Task requirements — Looking only at the lines below that contain "where", give the number of them and no other text.

Given information —

lemma bounded_graph_extension_line_bound:
  assumes "G \<in> bounded_graph_extensions Y f N" and "(u, a) \<in> G"
    and lower: "\<And>v b. (v, b) \<in> G \<Longrightarrow> b - N * norm (v - x) \<le> c"
    and upper: "\<And>u a. (u, a) \<in> G \<Longrightarrow> c \<le> N * norm (u + x) - a"
  shows "a + t * c \<le> N * norm (u + t *\<^sub>R x)"
proof -
  have G: "subspace G"
    using assms(1) unfolding bounded_graph_extensions_def by auto
  have scaled: "(s *\<^sub>R u, s * a) \<in> G" for s
    using subspace_scale[OF G assms(2), of s] by simp
  consider "t = 0" | "t > 0" | "t < 0" by linarith
  then show ?thesis
  proof cases
    case 1
    then show ?thesis
      using assms(1,2) unfolding bounded_graph_extensions_def by auto
  next
    case 2
    have "t * c \<le> t * (N * norm (inverse t *\<^sub>R u + x) - inverse t * a)"
      using upper[OF scaled] 2 by (intro mult_left_mono) auto
    also have "\<dots> = N * (t * norm (inverse t *\<^sub>R u + x)) - a"
      using 2 by (simp add: algebra_simps)
    also have "t * norm (inverse t *\<^sub>R u + x) = norm (t *\<^sub>R (inverse t *\<^sub>R u + x))"
      using 2 by simp
    also have "t *\<^sub>R (inverse t *\<^sub>R u + x) = u + t *\<^sub>R x"
      using 2 by (simp add: scaleR_add_right)
    finally show ?thesis
      by simp
  next
    case 3
    have "- t * (- inverse t * a - N * norm (- inverse t *\<^sub>R u - x)) \<le> - t * c"
      using lower[OF scaled[of "- inverse t"]] 3 by (intro mult_left_mono) auto
    then have "a + t * c \<le> N * (- t * norm (- inverse t *\<^sub>R u - x))"
      using 3 by (simp add: algebra_simps)
    also have "- t * norm (- inverse t *\<^sub>R u - x) = norm (- t *\<^sub>R (- inverse t *\<^sub>R u - x))"
      using 3 by simp
    also have "- t *\<^sub>R (- inverse t *\<^sub>R u - x) = u + t *\<^sub>R x"
      using 3 by (simp add: scaleR_diff_right)
    finally show ?thesis .
  qed
qed

lemma bounded_graph_extensions_extend:
  assumes "G \<in> bounded_graph_extensions Y f N" and "N \<ge> 0"
  shows "\<exists>H\<in>bounded_graph_extensions Y f N. G \<subseteq> H \<and> (\<exists>a. (x, a) \<in> H)"
proof -
  obtain c where lower: "\<And>v b. (v, b) \<in> G \<Longrightarrow> b - N * norm (v - x) \<le> c"
    and upper: "\<And>u a. (u, a) \<in> G \<Longrightarrow> c \<le> N * norm (u + x) - a"
    using bounded_graph_extension_gap[OF assms, where x = x] by blast
  have G: "subspace G" and graph: "\<forall>y\<in>Y. (y, f y) \<in> G"
    using assms(1) unfolding bounded_graph_extensions_def by auto
  define H where "H = {p + q | p q. p \<in> G \<and> q \<in> span {(x, c)}}"
  have H_iff: "z \<in> H \<longleftrightarrow> (\<exists>u a t. (u, a) \<in> G \<and> z = (u + t *\<^sub>R x, a + t * c))" for z
    unfolding H_def span_singleton by force
  have "subspace H"
    unfolding H_def using G subspace_span by (rule subspace_sums)
  moreover have "\<bar>snd z\<bar> \<le> N * norm (fst z)" if "z \<in> H" for z
  proof -
    obtain u a t where ua: "(u, a) \<in> G" and z: "z = (u + t *\<^sub>R x, a + t * c)"
      using H_iff \<open>z \<in> H\<close> by blast
    have "(- u, - a) \<in> G"
      using subspace_neg[OF G ua] by simp
    from bounded_graph_extension_line_bound[OF assms(1) this lower upper, of "- t"]
    have "- (a + t * c) \<le> N * norm (u + t *\<^sub>R x)"
      by (metis minus_add_distrib mult_minus_left norm_minus_cancel scaleR_minus_left)
    with bounded_graph_extension_line_bound[OF assms(1) ua lower upper, of t] show ?thesis
      using z by simp
  qed
  moreover have "G \<subseteq> H"
  proof
    fix z assume "z \<in> G"
    then show "z \<in> H"
      using H_iff[of z] by (cases z) (metis add.right_neutral mult_zero_left scaleR_zero_left)
  qed
  moreover have "0 + (x, c) \<in> H"
    unfolding H_def using subspace_0[OF G] span_base[of "(x, c)" "{(x, c)}"] by blast
  ultimately have "H \<in> bounded_graph_extensions Y f N" and "G \<subseteq> H" and "(x, c) \<in> H"
    using graph unfolding bounded_graph_extensions_def by auto
  then show ?thesis
    by blast
qed

lemma bounded_graph_extensions_has_maximal:
  assumes "subspace Y" and "linear f" and "\<And>y. y \<in> Y \<Longrightarrow> \<bar>f y\<bar> \<le> N * norm y"
  obtains M where "M \<in> bounded_graph_extensions Y f N"
    and "\<And>H. H \<in> bounded_graph_extensions Y f N \<Longrightarrow> M \<subseteq> H \<Longrightarrow> H = M"
proof -
  have "linear (\<lambda>y. (y, f y))"
    by (rule linearI) (simp_all add: linear_add[OF assms(2)] linear_scale[OF assms(2)])
  then have "subspace ((\<lambda>y. (y, f y)) ` Y)"
    using assms(1) by (rule linear_subspace_image)
  then have "(\<lambda>y. (y, f y)) ` Y \<in> bounded_graph_extensions Y f N"
    using assms(3) unfolding bounded_graph_extensions_def by auto
  then have "\<exists>U\<in>bounded_graph_extensions Y f N. \<forall>G\<in>C. G \<subseteq> U"
    if "C \<in> chains (bounded_graph_extensions Y f N)" for C
    using bounded_graph_extensions_chain_Union[OF that] by (cases "C = {}") auto
  then have "\<exists>M\<in>bounded_graph_extensions Y f N.
      \<forall>H\<in>bounded_graph_extensions Y f N. M \<subseteq> H \<longrightarrow> H = M"
    by (intro Zorn_Lemma2) blast
  then show ?thesis
    using that by blast
qed

lemma hahn_banach_extension:
  fixes f :: "'a::real_normed_vector \<Rightarrow> real"
  assumes "subspace Y" and "linear f" and "N \<ge> 0" and "\<And>y. y \<in> Y \<Longrightarrow> \<bar>f y\<bar> \<le> N * norm y"
  obtains \<xi> :: "'a \<Rightarrow>\<^sub>L real" where "\<And>y. y \<in> Y \<Longrightarrow> \<xi> y = f y" and "norm \<xi> \<le> N"
proof -
  obtain M where M: "M \<in> bounded_graph_extensions Y f N"
    and maximal: "\<And>H. H \<in> bounded_graph_extensions Y f N \<Longrightarrow> M \<subseteq> H \<Longrightarrow> H = M"
    using bounded_graph_extensions_has_maximal[OF assms(1,2,4)] by blast
  have sM: "subspace M" and graph: "\<And>y. y \<in> Y \<Longrightarrow> (y, f y) \<in> M"
    and bound: "\<And>u a. (u, a) \<in> M \<Longrightarrow> \<bar>a\<bar> \<le> N * norm u"
    using M unfolding bounded_graph_extensions_def by auto
  have total: "\<exists>a. (x, a) \<in> M" for x
    using bounded_graph_extensions_extend[OF M assms(3), of x] maximal by blast
  have unique: "a = b" if "(x, a) \<in> M" "(x, b) \<in> M" for x a b
    using bound[of 0 "a - b"] subspace_diff[OF sM that] by simp
  define g where "g x = (THE a. (x, a) \<in> M)" for x
  have g: "(x, g x) \<in> M" for x
    unfolding g_def using total[of x] unique by (metis theI)
  have "bounded_linear g"
  proof (rule bounded_linear_intro)
    show "g (x + y) = g x + g y" for x y
      using unique[OF g] subspace_add[OF sM g[of x] g[of y]] by simp
    show "g (r *\<^sub>R x) = r *\<^sub>R g x" for r x
      using unique[OF g] subspace_scale[OF sM g[of x], of r] by simp
    show "norm (g x) \<le> norm x * N" for x
      using bound[OF g[of x]] by (simp add: mult.commute)
  qed
  show ?thesis
  proof (rule that)
    show "Blinfun g y = f y" if "y \<in> Y" for y
      using unique[OF g graph[OF that]] bounded_linear_Blinfun_apply[OF \<open>bounded_linear g\<close>] by simp
    show "norm (Blinfun g) \<le> N"
      using bound[OF g] assms(3)
      by (intro norm_blinfun_bound) (auto simp: bounded_linear_Blinfun_apply[OF \<open>bounded_linear g\<close>] mult.commute)
  qed
qed

section \<open>Transfinite Szlenk iteration\<close>

lemma in_preds_imp_strict: "b \<in> preds r a \<Longrightarrow> (b, a) \<in> r - Id"
  unfolding preds_def by auto

lemma the_greatest_pred:
  assumes "Well_order r" and "b \<in> preds r a" and "\<forall>c\<in>preds r a. (c, b) \<in> r"
  shows "(THE b. b \<in> preds r a \<and> (\<forall>c\<in>preds r a. (c, b) \<in> r)) = b"
proof (rule the_equality)
  show "b' = b" if "b' \<in> preds r a \<and> (\<forall>c\<in>preds r a. (c, b') \<in> r)" for b'
    using that assms wo_rel.ANTISYM[unfolded wo_rel_def, OF assms(1)] by (auto dest: antisymD)
qed (use assms in blast)

lemma szlenk_iter_unfold:
  assumes "Well_order r"
  shows "szlenk_iter T nm e K r a =
    (if preds r a = {} then K
     else if \<exists>b\<in>preds r a. \<forall>c\<in>preds r a. (c, b) \<in> r
       then szlenk_deriv T nm e (szlenk_iter T nm e K r (THE b. b \<in> preds r a \<and> (\<forall>c\<in>preds r a. (c, b) \<in> r)))
     else (\<Inter>b\<in>preds r a. szlenk_iter T nm e K r b))"
proof -
  let ?I = "szlenk_iter T nm e K r"
  let ?top = "\<exists>b\<in>preds r a. \<forall>c\<in>preds r a. (c, b) \<in> r"
  let ?b = "THE b. b \<in> preds r a \<and> (\<forall>c\<in>preds r a. (c, b) \<in> r)"
  have wf: "wf (r - Id)"
    using assms by (rule wo_rel.WF[unfolded wo_rel_def])
  have cut: "cut ?I (r - Id) a b = ?I b" if "b \<in> preds r a" for b
    using in_preds_imp_strict[OF that] by (rule cut_apply)
  have eq: "?I a = (if preds r a = {} then K else if ?top then szlenk_deriv T nm e (cut ?I (r - Id) a ?b)
     else (\<Inter>b\<in>preds r a. cut ?I (r - Id) a b))"
    unfolding szlenk_iter_def by (subst wfrec[OF wf]) (rule refl)
  show ?thesis
  proof (cases ?top)
    case True
    then obtain b where b: "b \<in> preds r a" "\<forall>c\<in>preds r a. (c, b) \<in> r"
      by blast
    then have ne: "preds r a \<noteq> {}"
      by blast
    have "?b \<in> preds r a"
      using the_greatest_pred[OF assms b] b(1) by (rule ssubst)
    show ?thesis
      using eq unfolding if_not_P[OF ne] if_P[OF True] cut[OF \<open>?b \<in> preds r a\<close>] .
  next
    case False
    have "(\<Inter>b\<in>preds r a. cut ?I (r - Id) a b) = (\<Inter>b\<in>preds r a. ?I b)"
      by (rule INF_cong[OF refl cut])
    then show ?thesis
      using eq unfolding if_not_P[OF False] by argo
  qed
qed

lemma szlenk_iter_bottom:
  assumes "Well_order r" and "preds r a = {}"
  shows "szlenk_iter T nm e K r a = K"
  using szlenk_iter_unfold[OF assms(1), of T nm e K a] unfolding if_P[OF assms(2)] .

Response — 9